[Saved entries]
(* Normalize $\operatorname{var}(X)=1$ and $\operatorname{var}(W_1)=I_{d_1}$, suppose $\operatorname{var}(Y,X,W_1)$ is positive definite, $\sigma_{W_1,Y}\ne\sigma_{X,Y}\sigma_{W_1,X}$, and $\|c\|<1$. For any $r_X\in\mathbb R^{d_1}$ with $r_X'c\ne-1$ and $0<z_X(r_X,c)^2<k_0$, $$\bigcup_{r_Y\in\mathbb R^{d_1}}\mathcal B(r_X,r_Y,c)=\big(\beta_{\text{med}}-\sqrt{\text{devsq}(z_X(r_X,c))},\ \beta_{\text{med}}+\sqrt{\text{devsq}(z_X(r_X,c))}\big)\setminus\mathcal B^0,$$ where $\mathcal B^0$ is a set containing at most one point.
   Context: For random vectors $A,B$ with $\operatorname{var}(B)$ invertible, $A^{\perp B}=A-\operatorname{cov}(A,B)\operatorname{var}(B)^{-1}B$. $\sigma_{A,B}=\operatorname{cov}(A,B)$. $\beta_{\text{med}}$ is the coefficient on $X$ in the linear projection of $Y$ on $(1,X,W_1)$. $k_0=\operatorname{var}(X^{\perp W_1})$, $k_1=\operatorname{cov}(Y^{\perp W_1},X^{\perp W_1})$; $\text{devsq}(z)=\frac{\operatorname{var}(Y^{\perp X,W_1})}{k_0}\frac{z^2}{k_0-z^2}$; $z_X(r_X,c)=\frac{r_X'\sigma_{W_1,X}\sqrt{1-\|c\|^2}}{1+r_X'c}$. For $r_X,r_Y,c\in\mathbb R^{d_1}$, $\mathcal B(r_X,r_Y,c)$ is the set of $b\in\mathbb R$ such that for some $(p_1,g_1)\in\mathbb R^{d_1}\times\mathbb R^{d_1}$ (with $\Sigma_{\text{obs}}=\operatorname{var}(W_1)$): $\operatorname{cov}(Y,X)=b\operatorname{var}(X)+g_1'(\Sigma_{\text{obs}}+cr_X'+r_Yc'+r_Yr_X')p_1$; $\operatorname{cov}(Y,W_1)=b\operatorname{cov}(X,W_1)+g_1'(\Sigma_{\text{obs}}+r_Yc')$; $\operatorname{cov}(X,W_1)=p_1'(\Sigma_{\text{obs}}+r_Xc')$; $\operatorname{var}(Y)>b^2\operatorname{var}(X)+g_1'(\Sigma_{\text{obs}}+r_Yr_Y'+2r_Yc')g_1+2bg_1'(\Sigma_{\text{obs}}+cr_X'+r_Yc'+r_Yr_X')p_1$; $\operatorname{var}(X)>p_1'(\Sigma_{\text{obs}}+2r_Xc'+r_Xr_X')p_1$; $1>c'\Sigma_{\text{obs}}^{-1}c$. *)

theory Defs
  imports "HOL-Analysis.Analysis"
begin

text \<open>Second-moment structure of the random vector (Y, X, W1), with Y, X scalar and
  W1 in R^d1 (d1 = CARD('n)). All objects in the statement depend on the
  distribution only through these moments.\<close>
record 'n moments =
  varY  :: real
  varX  :: real
  covYX :: real
  covWX :: "real^'n"
  covWY :: "real^'n"
  varW  :: "real^'n^'n"

definition var_pos_def :: "'n::finite moments \<Rightarrow> bool" where
  "var_pos_def m \<longleftrightarrow> transpose (varW m) = varW m \<and>
     (\<forall>(a::real) (b::real) (w::real^'n). (a, b, w) \<noteq> (0, 0, 0) \<longrightarrow>
        a\<^sup>2 * varY m + b\<^sup>2 * varX m + w \<bullet> (varW m *v w)
        + 2 * a * b * covYX m + 2 * a * (w \<bullet> covWY m) + 2 * b * (w \<bullet> covWX m) > 0)"

text \<open>Coefficients (b, g) of the linear projection of Y on (1, X, W1), characterised by
  the normal equations cov(Y - bX - g'W1, X) = 0 and cov(Y - bX - g'W1, W1) = 0.\<close>
definition proj_coefs :: "'n::finite moments \<Rightarrow> real \<times> (real^'n)" where
  "proj_coefs m = (THE bg. case bg of (b, g) \<Rightarrow>
      covYX m = b * varX m + g \<bullet> covWX m \<and> covWY m = b *\<^sub>R covWX m + varW m *v g)"

definition beta_med :: "'n::finite moments \<Rightarrow> real" where
  "beta_med m = fst (proj_coefs m)"

text \<open>var(Y^{\<perp> X,W1}) = var(Y - b X - g'W1) = var Y - b cov(X,Y) - g' cov(W1,Y).\<close>
definition var_Y_perp_XW :: "'n::finite moments \<Rightarrow> real" where
  "var_Y_perp_XW m = (case proj_coefs m of (b, g) \<Rightarrow> varY m - b * covYX m - g \<bullet> covWY m)"

definition k0 :: "'n::finite moments \<Rightarrow> real" where
  "k0 m = varX m - covWX m \<bullet> (matrix_inv (varW m) *v covWX m)"

definition k1 :: "'n::finite moments \<Rightarrow> real" where
  "k1 m = covYX m - covWY m \<bullet> (matrix_inv (varW m) *v covWX m)"

definition devsq :: "'n::finite moments \<Rightarrow> real \<Rightarrow> real" where
  "devsq m z = var_Y_perp_XW m / k0 m * (z\<^sup>2 / (k0 m - z\<^sup>2))"

definition z_X :: "'n::finite moments \<Rightarrow> real^'n \<Rightarrow> real^'n \<Rightarrow> real" where
  "z_X m rX c = (rX \<bullet> covWX m) * sqrt (1 - (norm c)\<^sup>2) / (1 + rX \<bullet> c)"

definition outer :: "real^'n \<Rightarrow> real^'n \<Rightarrow> real^'n^'n" where
  "outer u v = (\<chi> i j. u $ i * v $ j)"

definition BSet :: "'n::finite moments \<Rightarrow> real^'n \<Rightarrow> real^'n \<Rightarrow> real^'n \<Rightarrow> real set" where
  "BSet m rX rY c = {b. \<exists>p1 g1 :: real^'n.
     let S = varW m in
     covYX m = b * varX m + g1 \<bullet> ((S + outer c rX + outer rY c + outer rY rX) *v p1) \<and>
     covWY m = b *\<^sub>R covWX m + g1 v* (S + outer rY c) \<and>
     covWX m = p1 v* (S + outer rX c) \<and>
     varY m > b\<^sup>2 * varX m + g1 \<bullet> ((S + outer rY rY + 2 *\<^sub>R outer rY c) *v g1)
              + 2 * b * (g1 \<bullet> ((S + outer c rX + outer rY c + outer rY rX) *v p1)) \<and>
     varX m > p1 \<bullet> ((S + 2 *\<^sub>R outer rX c + outer rX rX) *v p1) \<and>
     1 > c \<bullet> (matrix_inv S *v c)}"

end

theory Submission
  imports Defs
begin

text \<open>Once var(W1) = I, the equation for cov(X,W1) forces rX'p1 = kappa and thereby determines p1,
  and the equation for cov(Y,W1) determines g1 from b and l = g1'rY. The equation for cov(Y,X)
  becomes k0 (b - beta_med) = - l kappa (1 - |c|^2), which fixes l as a function of b, and the
  variance inequality for Y becomes l^2 (1 - |c|^2) < var(Y perp X,W1) + k0 (b - beta_med)^2; since
  z_X^2 = kappa^2 (1 - |c|^2), this is (b - beta_med)^2 < devsq(z_X). Finally, some rY satisfies
  g1'rY = l unless g1 = 0 while l is nonzero. Along the solutions g1 is affine in b and equals
  cov(W1,Y) - beta_med cov(W1,X), which is nonzero, at b = beta_med; so it vanishes for at most one b.\<close>

lemma matrix_inv_mat_1: "matrix_inv (mat 1 :: 'a::semiring_1^'n::finite^'n) = mat 1"
proof -
  have "\<exists>A'::'a^'n^'n. mat 1 ** A' = mat 1 \<and> A' ** mat 1 = mat 1"
    by (intro exI[of _ "mat 1"]) simp
  from someI_ex[OF this] show ?thesis
    unfolding matrix_inv_def by simp
qed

[What this task involves] Answer with a single number: the count of lines in the entries that hold the word "outer".

[Response box] 8